U.S. Army director of the Joint Staff (born 1968)

Douglas Arthur Sims II is a retired United States Army lieutenant general who last served as director of the Joint Staff from 2024 to 2025. He previously recently served as the director for operations of the Joint Staff from 2022 to 2024. Before that he was commanding general of the 1st Infantry Division at Fort Riley from 2020 to 2022 and deputy director for Regional Operations and Force Management of the Joint Staff from 2018 to 2020.

==Biography==
Sims was commissioned as a second lieutenant in 1991 after graduating from the United States Military Academy with a Bachelor of Science degree in political science. His education also includes a Master of Arts degree in management from Webster University, the United States Army Basic and Advanced Infantry Officer Courses, and the United States Army Command and General Staff College.

From November 1991 to April 1994 he was a platoon leader in the 505th Infantry Regiment, 82nd Airborne Division, at Fort Bragg, North Carolina, and then until August 1995 he was a platoon leader in the 75th Ranger Regiment at Fort Lewis, Washington. Sims was a student at the United States Army Infantry School at Fort Benning, Georgia, between 1995 and 1996, and became an assistant professor of military science at the University of Pittsburgh in Pennsylvania from April 1996 to May 1998. He was then a battalion headquarters company commander in the 501st Parachute Infantry Regiment, 172nd Infantry Brigade, at Ford Richardson, Alaska, until February 2000. Between March 2000 and May 2001 Sims became the commander of C Company in the 3rd Infantry Regiment (The Old Guard), at Fort Myers, Virginia, and then the regimental assistant operations officer. After that, he was the aide-de-camp to the commanding general, United States Army Military District of Washington at Fort McNair, Washington, DC, until July 2002.
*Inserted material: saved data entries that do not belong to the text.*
lemma spoiled_if_extra_in:
  assumes "y < p" "0 < x" "x - 1 < p" "extra_in y = P ! (x - 1)"
  shows "hits_path y \<and> spoiled y = x"
  using assms position_nth[of "x - 1"] unfolding hits_path_def spoiled_def by auto

definition last_selected :: "nat set \<Rightarrow> 'a \<Rightarrow> nat" where
  "last_selected X v = Max (insert 0 {x \<in> X. x \<le> position v})"

definition level :: "nat set \<Rightarrow> 'a \<Rightarrow> nat" where
  "level X v = (if v \<in> path_subtree then Suc (p - last_selected X v) else 0)"

text \<open>Arcs of the rerouted trees increase the rank, which is lexicographic in
  (level, depth) because depth never exceeds card V.\<close>
definition rank :: "nat set \<Rightarrow> 'a \<Rightarrow> nat" where
  "rank X v = level X v * Suc (card V) + depth v"

lemma last_selected_le: "finite X \<Longrightarrow> last_selected X v \<le> position v"
  unfolding last_selected_def by (subst Max_le_iff) auto

lemma last_selected_ge: "finite X \<Longrightarrow> z \<in> X \<Longrightarrow> z \<le> position v \<Longrightarrow> z \<le> last_selected X v"
  unfolding last_selected_def by (rule Max_ge) auto

lemma last_selected_nth: "finite X \<Longrightarrow> y \<in> X \<Longrightarrow> y < p \<Longrightarrow> last_selected X (P ! y) = y"
  using last_selected_le[of X "P ! y"] last_selected_ge[of X y "P ! y"] position_nth by simp

lemma level_tree_arc:
  assumes X: "finite X" and arc: "(a, c) \<in> AT" and c: "c \<notin> nth P ` X"
  shows "level X a \<le> level X c"
proof (cases "a \<in> path_subtree")
  case a: True
  then have c_sub: "c \<in> path_subtree" using descendants_closed arc by blast
  have "{x \<in> X. x \<le> position c} \<subseteq> {x \<in> X. x \<le> position a}"
  proof (cases "c \<in> set P")
    case True
    then obtain i where i: "i < p" "c = P ! i" by (auto simp: in_set_conv_nth)
    have "i \<noteq> 0"
    proof
      assume "i = 0"
      then have "(c, a) \<in> AT\<^sup>*" using a i unfolding descendants_def by simp
      then show False using arc_not_reversible arc by blast
    qed
    then have "a = P ! (i - 1)" using path_parent i arc by simp
    then have "position a = i - 1" "position c = i" using i position_nth by auto
    moreover have "i \<notin> X" using c i by auto
    ultimately show ?thesis by (auto simp: le_less)
  next
    case False
    have "position a = p - 1"
    proof (cases "a \<in> set P")
      case True
      then obtain j where j: "j < p" "a = P ! j" by (auto simp: in_set_conv_nth)
      then have "\<not> Suc j < p" using path_only_child arc False by fastforce
      then show ?thesis using j position_nth by simp
    qed (simp add: position_def)
    then show ?thesis using False by (simp add: position_def)
  qed
  then have "last_selected X c \<le> last_selected X a"
    unfolding last_selected_def using X by (intro Max_mono) auto
  then show ?thesis unfolding level_def using a c_sub by simp
qed (simp add: level_def)

lemma level_extra_arc:
  assumes X: "finite X" "X \<subseteq> {..<p}" and y: "y \<in> X"
    and next_selected: "extra_in y \<notin> path_subtree \<or> (\<exists>z \<in> X. y < z \<and> z \<le> y + 2)"
  shows "level X (extra_in y) < level X (P ! y)"
proof -
  have yp: "y < p" using y X by auto
  have level_y: "level X (P ! y) = Suc (p - y)"
    unfolding level_def using path_in_subtree[OF yp] last_selected_nth[OF X(1) y yp] by simp
  show ?thesis
  proof (cases "extra_in y \<in> path_subtree")
    case True
    then obtain z where z: "z \<in> X" "y < z" "z \<le> y + 2" using next_selected by blast
    have "z \<le> position (extra_in y)"
    proof (cases "extra_in y \<in> set P")
      case True
      then show ?thesis using extra_in_on_path yp position_nth z by fastforce
    qed (use z X in \<open>auto simp: position_def\<close>)
    then have "z \<le> last_selected X (extra_in y)" using last_selected_ge X z by blast
    moreover have "last_selected X (extra_in y) < p"
      using last_selected_le[OF X(1)] position_less le_less_trans by blast
    ultimately show ?thesis unfolding level_y unfolding level_def using True z by simp
  qed (use path_in_subtree[OF yp] in \<open>simp add: level_def\<close>)
qed
lemma hover_tdma_rates:
  fixes Pbar beta0 H :: real
  defines "C \<equiv> log 2 (1 + Pbar * beta0 / H^2)"
  assumes "0 \<le> beta0" "0 \<le> Pbar" "0 \<le> tI" "tI < T - tF" "0 \<le> tF"
    and above_1: "\<And>t. t \<le> tI \<Longrightarrow> x t = gu_pos D 1"
    and above_2: "\<And>t. T - tF \<le> t \<Longrightarrow> x t = gu_pos D 2"
  shows "(1 / T * (C * tI), 1 / T * (C * tF))
           \<in> rate_region beta0 H D T x (\<lambda>t. Pbar * indicator {0..tI} t)
                (\<lambda>t. Pbar * indicator {T - tF..T} t)"
proof -
  have C_eq: "log 2 (1 + Pbar * gain beta0 H D k (gu_pos D k)) = C" for k
    unfolding C_def gain_at_user by simp
  have rate1: "(LINT t:{0..T}|lborel.
      log 2 (1 + Pbar * indicator {0..tI} t * gain beta0 H D 1 (x t))) = C * tI"
  proof -
    have "(LINT t:{0..T}|lborel. log 2 (1 + Pbar * indicator {0..tI} t * gain beta0 H D 1 (x t)))
        = integral\<^sup>L lborel (\<lambda>t. C * indicator {0..tI} t)"
      using assms by (intro set_integral_supported) (auto simp: indicator_def above_1 C_eq)
    then show ?thesis using assms by simp
  qed
  have rate2: "(LINT t:{0..T}|lborel.
      log 2 (1 + Pbar * indicator {T - tF..T} t * gain beta0 H D 2 (x t))) = C * tF"
  proof -
    have "(LINT t:{0..T}|lborel. log 2 (1 + Pbar * indicator {T - tF..T} t * gain beta0 H D 2 (x t)))
        = integral\<^sup>L lborel (\<lambda>t. C * indicator {T - tF..T} t)"
      using assms by (intro set_integral_supported) (auto simp: indicator_def above_2 C_eq)
    then show ?thesis using assms by simp
  qed
  have sum_rate: "(LINT t:{0..T}|lborel. log 2 (1 + Pbar * indicator {0..tI} t * gain beta0 H D 1 (x t)
      + Pbar * indicator {T - tF..T} t * gain beta0 H D 2 (x t))) = C * tI + C * tF"
  proof -
    have "(LINT t:{0..T}|lborel. log 2 (1 + Pbar * indicator {0..tI} t * gain beta0 H D 1 (x t)
          + Pbar * indicator {T - tF..T} t * gain beta0 H D 2 (x t)))
        = integral\<^sup>L lborel (\<lambda>t. C * indicator {0..tI} t + C * indicator {T - tF..T} t)"
      using assms
      by (intro set_integral_supported) (auto simp: indicator_def above_1 above_2 C_eq)
    then show ?thesis using assms by (simp add: Bochner_Integration.integral_add)
  qed
  have "0 \<le> Pbar * beta0 / H^2" using assms by simp
  then have "0 \<le> C" unfolding C_def by simp
  then show ?thesis
    unfolding rate_region_def rate1 rate2 sum_rate
    using assms by (simp add: distrib_left)
qed
lemma locmap_eq_zero_iff:
  assumes x: "x \<in> carrier (space A q)"
  shows "locmap A \<sigma> q x = zero (space (loc A \<sigma>) q) \<longleftrightarrow> v q x = zero R \<or> (\<exists>h\<in>\<sigma>. q + h \<notin> E)"
proof -
  define z where "z = zero (space A q)"
  have z: "z \<in> carrier (space A q)" "v q z = zero R"
    unfolding z_def
    using qmodule_zero_closed[OF A_qmodule] qhom_dmod_zero[OF cr A_qmodule A_qhom] by auto
  have px: "(0, x) \<in> locpairs A \<sigma> q" and pz: "(0, z) \<in> locpairs A \<sigma> q"
    using x z face_zero[OF fc] unfolding locpairs_def by auto
  have "locmap A \<sigma> q x = zero (space (loc A \<sigma>) q) \<longleftrightarrow> loccls A \<sigma> q (0, x) = loccls A \<sigma> q (0, z)"
    unfolding locmap_def loc_def z_def by simp
  also have "\<dots> \<longleftrightarrow> loceq A \<sigma> q (0, x) (0, z)"
  proof
    assume "loccls A \<sigma> q (0, x) = loccls A \<sigma> q (0, z)"
    moreover have "(0, z) \<in> loccls A \<sigma> q (0, z)" using pz loceq_refl unfolding loccls_def by blast
    ultimately show "loceq A \<sigma> q (0, x) (0, z)" unfolding loccls_def by blast
  next
    assume xz: "loceq A \<sigma> q (0, x) (0, z)"
    have "loceq A \<sigma> q (0, x) p \<longleftrightarrow> loceq A \<sigma> q (0, z) p" if p: "p \<in> locpairs A \<sigma> q" for p
    proof -
      obtain g y where gy: "p = (g, y)" by (cases p)
      have "g \<in> P" using p face_subset[OF fc] unfolding gy locpairs_def by auto
      then have "q + h \<notin> E \<Longrightarrow> q + g + h \<notin> E" for h
        using down_closedD[OF dc qle_translate[OF qle_add_right[of g P q], of h]] by blast
      then show ?thesis
        using xz z unfolding gy loceq_iff[OF px p[unfolded gy]] loceq_iff[OF pz p[unfolded gy]]
          loceq_iff[OF px pz] by auto
    qed
    then show "loccls A \<sigma> q (0, x) = loccls A \<sigma> q (0, z)" unfolding loccls_def by blast
  qed
  also have "\<dots> \<longleftrightarrow> v q x = zero R \<or> (\<exists>h\<in>\<sigma>. q + h \<notin> E)"
    unfolding loceq_iff[OF px pz] using z face_zero[OF fc] by auto
  finally show ?thesis .
qed

text \<open>If E is closed under adding \<sigma>, the fraction m / x^f in degree q has the well-defined value
  v (q + f) m, so the localization along \<sigma> embeds into k[E] as well.\<close>

context
  assumes cl: "\<And>q f. q \<in> E \<Longrightarrow> f \<in> \<sigma> \<Longrightarrow> q + f \<in> E"
begin

private lemma trans_keeps_value:
  assumes x: "x \<in> carrier (space A p)" and l: "qle P p p'" and c: "p \<in> E \<Longrightarrow> p' \<in> E"
  shows "v p' (trans A p p' x) = v p x"
  using qhom_dmod_trans[OF A_qhom l x] qhom_dmod_support[OF A_qhom x] c by (cases "p \<in> E") auto

lemma loceq_iff_pair_value_eq:
  assumes p1: "p1 \<in> locpairs A \<sigma> q" and p2: "p2 \<in> locpairs A \<sigma> q"
  shows "loceq A \<sigma> q p1 p2 \<longleftrightarrow> pair_value v q p1 = pair_value v q p2"
proof -
  obtain f x g y where e: "p1 = (f, x)" "p2 = (g, y)" by (cases p1, cases p2)
  have f: "f \<in> \<sigma>" and x: "x \<in> carrier (space A (q + f))"
    and g: "g \<in> \<sigma>" and y: "y \<in> carrier (space A (q + g))"
    using p1 p2 unfolding e locpairs_def by auto
  have "v (q + f) x = v (q + g) y" if h: "h \<in> \<sigma>" and "q + f + g + h \<notin> E" for h
  proof -
    have "q + f \<notin> E" and "q + g \<notin> E"
      using cl[of "q + f" "g + h"] cl[of "q + g" "f + h"] face_add[OF fc] f g h \<open>q + f + g + h \<notin> E\<close>
      by (auto simp: algebra_simps)
    then show ?thesis using qhom_dmod_support[OF A_qhom x] qhom_dmod_support[OF A_qhom y] by simp
  qed
  then show ?thesis
    unfolding e loceq_iff[OF p1[unfolded e] p2[unfolded e]] pair_value_def
    using face_zero[OF fc] by auto
qed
Sims was a student at the U.S. Army Command and General Staff College from August 2002 until June 2003, and then a battalion executive officer in the 5th Infantry Regiment, 1st Stryker Brigade, 25th Infantry Division, at Fort Lewis, Washington until June 2004. He was the operations officer of the 1st Stryker Brigade Combat Team and took part in the Iraq War during that time, until September 2005. Between then and May 2008 Sims held several positions at the United States Special Operations Command at MacDill Air Force Base, Florida. From July 2008 to January 2009 he was deputy commander of the 2nd Cavalry Regiment, stationed in Germany, and was deployed to Iraq again. After that, Sims became the commander of 1st Squadron, 2nd Cavalry Regiment until July 2011, and in the role had a deployment to Afghanistan. From August 2011 to June 2012 he was a Senior Service College Fellow in security studies at the Massachusetts Institute of Technology.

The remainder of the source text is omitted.